Taking Mobility to the Next Level

On March 16th, I blogged about the question of what a cloud-native telco might look like, and obviously this had to address the evolution of things like NFV and 5G. The question I raised at the end of that blog was whether we had perhaps carried evolution too far in mobile networking and NFV, whether starting again from the top might lead us to a different place. Let’s look a bit harder at that one today.

A big piece of how mobile networks manage their critical property of mobility traces back quite a way. What we have today, in 4G and 5G in some form, is a strategy that connects per-device “tunnels” from the gateway point to the packet network (the Internet in most cases) to the cell site where the device is found. Packets are processed (in 5G, by the UPF) through a set of classification rules (Packet Detection Rules or PDRs in 5G), and the rules match the packet header (the IP address, tunnel headers, etc.) and apply handling policies. Every device has to have at least two rule sets, one for each direction of traffic. The implementation of these rules, handling policies, and routing based on the combination is normally associated with elements of the “user plane” of a mobile network.

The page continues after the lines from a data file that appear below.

(* Let $F\colon\mathsf{Nom}\to\mathsf{Nom}$ be $FX=1+\mathbb{A}\times X+[\mathbb{A}]X$. The initial $F$-algebra is the nominal set $\overline{\mathbb{A}}^*/{=_\alpha}$ of bar strings modulo $\alpha$-equivalence with the structure $\iota$ given by $\iota( * )=[\varepsilon]_\alpha$, $\iota(a,[w]_\alpha)=[aw]_\alpha$ and $\iota(\langle a\rangle[w]_\alpha)=[\mathord{|}a\,w]_\alpha$.
   Context: Fix a countably infinite set $\mathbb{A}$ of names; $\mathsf{Nom}$ is the category of nominal sets (sets with an action of the group of finite permutations of $\mathbb{A}$ in which each element $x$ has a least finite support $\mathrm{supp}(x)$; $a$ is fresh for $x$, $a\#x$, if $a\notin\mathrm{supp}(x)$) and equivariant maps. $[\mathbb{A}]X$ is the quotient of $\mathbb{A}\times X$ by $(a,x)\sim(b,y)$ iff $(a\,c)\cdot x=(b\,c)\cdot y$ for some fresh $c$, classes written $\langle a\rangle x$. Bar strings are finite words over $\overline{\mathbb{A}}=\mathbb{A}\cup\{\mathord{|}a: a\in\mathbb{A}\}$, with pointwise action; $\mathord{|}a$ binds $a$ to its right. $=_\alpha$ is the least equivalence relation on $\overline{\mathbb{A}}^*$ with $x\,\mathord{|}a\,v=_\alpha x\,\mathord{|}b\,w$ for all $a,b\in\mathbb{A}$, $x,v,w\in\overline{\mathbb{A}}^*$ with $\langle a\rangle v=\langle b\rangle w$ in $[\mathbb{A}]\overline{\mathbb{A}}^*$ (equivalently: $a=b$ and $v=w$, or $b\#v$ and $(a\,b)\cdot v=w$). $[w]_\alpha$ is the class of $w$; $\overline{\mathbb{A}}^*/{=_\alpha}$ is a nominal set with $\pi\cdot[w]_\alpha=[\pi\cdot w]_\alpha$. *)

theory Defs
  imports Main "HOL-Combinatorics.Perm"
begin

text \<open>The countably infinite set of names is represented by the type nat.
  Finite permutations of names are the library type  name perm
  (bijections moving only finitely many names).\<close>

type_synonym name = nat
type_synonym nperm = "name perm"

definition supports :: "(nperm \<Rightarrow> 'x \<Rightarrow> 'x) \<Rightarrow> name set \<Rightarrow> 'x \<Rightarrow> bool" where
  "supports act S x \<longleftrightarrow> (\<forall>\<pi>. (\<forall>a\<in>S. Perm.apply \<pi> a = a) \<longrightarrow> act \<pi> x = x)"

definition supp :: "(nperm \<Rightarrow> 'x \<Rightarrow> 'x) \<Rightarrow> 'x \<Rightarrow> name set" where
  "supp act x = \<Inter>{S. finite S \<and> supports act S x}"

definition fresh :: "(nperm \<Rightarrow> 'x \<Rightarrow> 'x) \<Rightarrow> name \<Rightarrow> 'x \<Rightarrow> bool" where
  "fresh act a x \<longleftrightarrow> a \<notin> supp act x"

definition nominal_set :: "'x set \<Rightarrow> (nperm \<Rightarrow> 'x \<Rightarrow> 'x) \<Rightarrow> bool" where
  "nominal_set X act \<longleftrightarrow>
     (\<forall>\<pi>. \<forall>x\<in>X. act \<pi> x \<in> X) \<and>
     (\<forall>x\<in>X. act 1 x = x) \<and>
     (\<forall>\<pi> \<sigma>. \<forall>x\<in>X. act (\<pi> * \<sigma>) x = act \<pi> (act \<sigma> x)) \<and>
     (\<forall>x\<in>X. \<exists>S. finite S \<and> supports act S x \<and>
               (\<forall>S'. finite S' \<and> supports act S' x \<longrightarrow> S \<subseteq> S'))"

definition equivariant ::
  "'x set \<Rightarrow> (nperm \<Rightarrow> 'x \<Rightarrow> 'x) \<Rightarrow> 'y set \<Rightarrow> (nperm \<Rightarrow> 'y \<Rightarrow> 'y) \<Rightarrow> ('x \<Rightarrow> 'y) \<Rightarrow> bool" where
  "equivariant X actX Y actY f \<longleftrightarrow>
     (\<forall>x\<in>X. f x \<in> Y) \<and> (\<forall>\<pi>. \<forall>x\<in>X. f (actX \<pi> x) = actY \<pi> (f x))"

definition abs_rel :: "(nperm \<Rightarrow> 'x \<Rightarrow> 'x) \<Rightarrow> name \<times> 'x \<Rightarrow> name \<times> 'x \<Rightarrow> bool" where
  "abs_rel act p q \<longleftrightarrow> (case p of (a, x) \<Rightarrow> case q of (b, y) \<Rightarrow>
     (\<exists>c. c \<noteq> a \<and> c \<noteq> b \<and> fresh act c x \<and> fresh act c y \<and>
          act (Perm.swap a c) x = act (Perm.swap b c) y))"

You could justify having per-device PDRs, but how about per-device tunnels? A packet for any user, emerging from a gateway UPF representing the Internet, could “appear” in the right cell even if it shared the tunnel to that cell with hundreds of other packets from other users. Thus, we could cut down on the number of tunnels by having one tunnel per destination cell. Not only that, if we had detailed control over forwarding rules, we could simply forward the packet to its proper cell based on its own IP address. We could get more forwarding control, too, by thinking a bit about how the user plane of a mobile network would work.

In the 3GPP specifications, user-plane and control-plane elements are represented as boxes with interfaces, and in the past they’ve been implemented as real appliances. In an effort to open things up, recent standards evolution has described these elements as “virtual network functions” (VNFs) and presumed a hosted software instance implemented them. The suggestion about “microservices” or “cloud-native” network traffic handling likely comes out of this point.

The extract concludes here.